Couldn't they come up with a vaguer term than "dangerous materials"?
Well, there goes the last vestiges of the Bill of Rights for minors. Students speach is censored, their property invaded w/o warrant, not to speak of their rights to self defense (even defending your self from assault w/o a weapon is as harshly penalized under "zero-tolerance" policies as commiting the assault). Minors are once again second-class residents.
Hey Jacob, far be it from me to defend any teachers union, but do you really think green colored dreams of litigation fees are the only reason they opposed this? To me, looking back on mypublic shool experience, and talking to my friends who are teachers now, this would seem to comport with experience. Many teachers already know a helluva lot goin on in school and dont do anything about it until it really starts to get out of hand. Seems like kind of a cheap shot.
This has been old news for 20 years
see - New Jersey v. T.L.O. (1985)
man, that's cool; 14yr old weed-dealing suburban girl. I wish i'd known her.
I think the difference between what is proposed and what already exists in law is that now they want to remove the need to have at least some reason for the search.
JG
Hey Jacob, far be it from me to defend any teachers union, but do you really think green colored dreams of litigation fees are the only reason they opposed this?

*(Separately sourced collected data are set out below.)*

(* There is no SLCS formula $\varphi$ such that for every neighbourhood model $\mathcal M$ with underlying space $(X,\mathcal N)$: $(X,\mathcal N)$ is connected if and only if $\mathcal M,x\models\varphi$ for every $x\in X$. (For any neighbourhood model $\mathcal M$, the model $\mathcal M'$ consisting of two disjoint, mutually unconnected copies of $\mathcal M$ admits a path preserving bisimulation with $\mathcal M$ relating each point of $\mathcal M$ to both of its copies.)
   Context: A neighbourhood space $(X,\mathcal N)$ assigns to each $x\in X$ a filter $\mathcal N(x)$ on $X$ (closed under finite intersections and supersets, not containing $\emptyset$) such that $x\in N$ for all $N\in\mathcal N(x)$. Closure: $\mathcal C(A)=\{x\mid\forall N\in\mathcal N(x): A\cap N\neq\emptyset\}$. Subsets $U,V$ are semi-separated if $\mathcal C(U)\cap V=U\cap\mathcal C(V)=\emptyset$; a set is connected if it is not the union of two non-empty semi-separated sets; the space is connected if $X$ is. Continuity: $f$ continuous iff $f^{-1}[N]\in\mathcal N_1(x)$ for all $N\in\mathcal N_2(f(x))$. An index space $(I,\mathcal N_I,\le,0)$ is a connected neighbourhood space with a linear order with least element $0$. A neighbourhood model $\mathcal M=((X,\mathcal N),\mathcal I,V)$ has an index space $\mathcal I$ and a valuation $V:X\to\mathcal P(\mathsf P)$ for a fixed countable set $\mathsf P$ of atoms; a path is a continuous $p:I\to X$. SLCS formulas: $\varphi::=a\mid\top\mid\neg\varphi\mid\varphi\wedge\varphi\mid\mathcal N\varphi\mid\varphi\,\mathcal R\,\varphi\mid\varphi\,\mathcal P\,\varphi$ with $a\in\mathsf P$. Semantics: $\mathcal M,x\models a$ iff $a\in V(x)$; Booleans as usual; $\mathcal M,x\models\mathcal N\varphi$ iff $x\in\mathcal C(\{y\mid\mathcal M,y\models\varphi\})$; $\mathcal M,x\models\varphi\,\mathcal R\,\psi$ iff there are a path $p$ and $n$ with $p(n)=x$, $\mathcal M,p(0)\models\psi$ and $\mathcal M,p(i)\models\varphi$ for all $0<i\le n$; $\mathcal M,x\models\varphi\,\mathcal P\,\psi$ iff there are a path $p$ with $p(0)=x$ and $n$ with $\mathcal M,p(n)\models\psi$ and $\mathcal M,p(i)\models\varphi$ for all $0\le i<n$. Path preserving bisimulation: for models $\mathcal M_1,\mathcal M_2$ over the same index space with path sets $\mathcal P_1,\mathcal P_2$, a triple $(Z_{\mathcal N},Z_1,Z_2)$, $\emptyset\ne Z_{\mathcal N}\subseteq X_1\times X_2$, $Z_1\subseteq(\mathcal P_1\times I)\times(\mathcal P_2\times I)$, $Z_2\subseteq(\mathcal P_2\times I)\times(\mathcal P_1\times I)$, such that: (1) at each pair $x_1Z_{\mathcal N}x_2$: $V_1(x_1)=V_2(x_2)$; for every $N_2\in\mathcal N_2(x_2)$ there is $N_1\in\mathcal N_1(x_1)$ with every $y_1\in N_1$ related to some $y_2\in N_2$; and symmetrically for every $N_1\in\mathcal N_1(x_1)$; (2) if $x_1Z_{\mathcal N}x_2$, $p(0)=x_1$, $n\ne0$, there are $q$ with $q(0)=x_2$ and $m$ with $p(n)Z_{\mathcal N}q(m)$, $(p,n)Z_1(q,m)$; (3) if $x_1Z_{\mathcal N}x_2$, $p(n)=x_1$, $n\ne0$, there are $q,m$ with $q(m)=x_2$, $p(0)Z_{\mathcal N}q(0)$, $(p,n)Z_1(q,m)$; (4) if $(p,n)Z_1(q,m)$ and $0<k_q<m$, there is $0<k_p<n$ with $p(k_p)Z_{\mathcal N}q(k_q)$; (5) if $x_1Z_{\mathcal N}x_2$, $q(0)=x_2$, $m\ne0$, there are $p$ with $p(0)=x_1$ and $n$ with $p(n)Z_{\mathcal N}q(m)$, $(q,m)Z_2(p,n)$; (6) if $x_1Z_{\mathcal N}x_2$, $q(m)=x_2$, $m\neq0$, there are $p,n$ with $p(n)=x_1$, $p(0)Z_{\mathcal N}q(0)$, $(q,m)Z_2(p,n)$; (7) if $(q,m)Z_2(p,n)$ and $0<k_p<n$, there is $0<k_q<m$ with $p(k_p)Z_{\mathcal N}q(k_q)$. *)

theory Defs
  imports Main "HOL-Library.Countable"
begin
(* Let $(X,\mathcal{B},\mu,G)$ be a measure-preserving system and $S\subset G$. Then the map $\mathfrak{P}\to[0,\infty)$, $\alpha\mapsto h^*_{\mu,S}(\alpha)$, is continuous with respect to the Rokhlin metric $\rho$. In particular, $\{\alpha\in\mathfrak{P}\colon h^*_{\mu,S}(\alpha)=0\}$ is closed in $(\mathfrak{P},\rho)$.
   Context: $(X,\mathcal{B},\mu)$ is a standard probability space and the discrete group $G$ acts measurably and preserves $\mu$. $\mathfrak{P}$ is the set of finite measurable partitions of $X$ (identified mod $0$); $g^{-1}\alpha=\{g^{-1}A\colon A\in\alpha\}$. $H_\mu(\alpha)=-\sum_{A\in\alpha}\mu(A)\log\mu(A)$, $H_\mu(\alpha|\beta)=\sum_{B\in\beta}\mu(B)\sum_{A\in\alpha}-\mu(A|B)\log\mu(A|B)$ with $\mu(A|B)=\mu(A\cap B)/\mu(B)$ ($0$ if $\mu(B)=0$); $\rho(\alpha,\beta)=H_\mu(\alpha|\beta)+H_\mu(\beta|\alpha)$. $h^*_{\mu,S}(\alpha)=\limsup_n\frac1n\sup_{\alpha_1,\dots,\alpha_n\in\{g^{-1}\alpha\colon g\in S\}}H_\mu(\bigvee_{i=1}^n\alpha_i)$. *)

theory Defs
  imports "HOL-Probability.Probability" "HOL-Algebra.Group_Action"
begin

text \<open>Finite measurable partitions of the space of a measure M (exact partitions;
  null and empty cells are allowed, so "mod 0" identification is handled by the
  Rokhlin pseudometric, for which rho(alpha,beta)=0 iff alpha = beta mod 0).\<close>
definition fin_partitions :: "'a measure \<Rightarrow> 'a set set set" where
  "fin_partitions M = {\<alpha>. finite \<alpha> \<and> \<alpha> \<subseteq> sets M \<and> disjoint \<alpha> \<and> \<Union>\<alpha> = space M}"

To me, looking back on mypublic shool experience, and talking to my friends who are teachers now, this would seem to comport with experience. Many teachers already know a helluva lot goin on in school and dont do anything about it until it really starts to get out of hand. I guess their is some disconnect between an average teacher and the union leaders, but still seems like kind of a cheap shot.
If anyone should be kept safe, it's student teachers.
i got busted for sellin pot in Port Richmond HS in '65.
Its as stupid now as it was stupid then. the effort put in to getting busts by corrupt narks has only mushroomed from a cottage industry to Big Business, indeed.
Gee, what kind of searches, and what kind of reasons would be given for those searches, by teachers such as John Mark Karr?
Yeah, this is a GREAT idea.....(not)
Oh come on, Reason! How can you be against student and teacher safety? What, you don't want students or teachers to be safe? Shame on you!
Minors are once again second-class residents.
Not. Seventh or eighth class maybe.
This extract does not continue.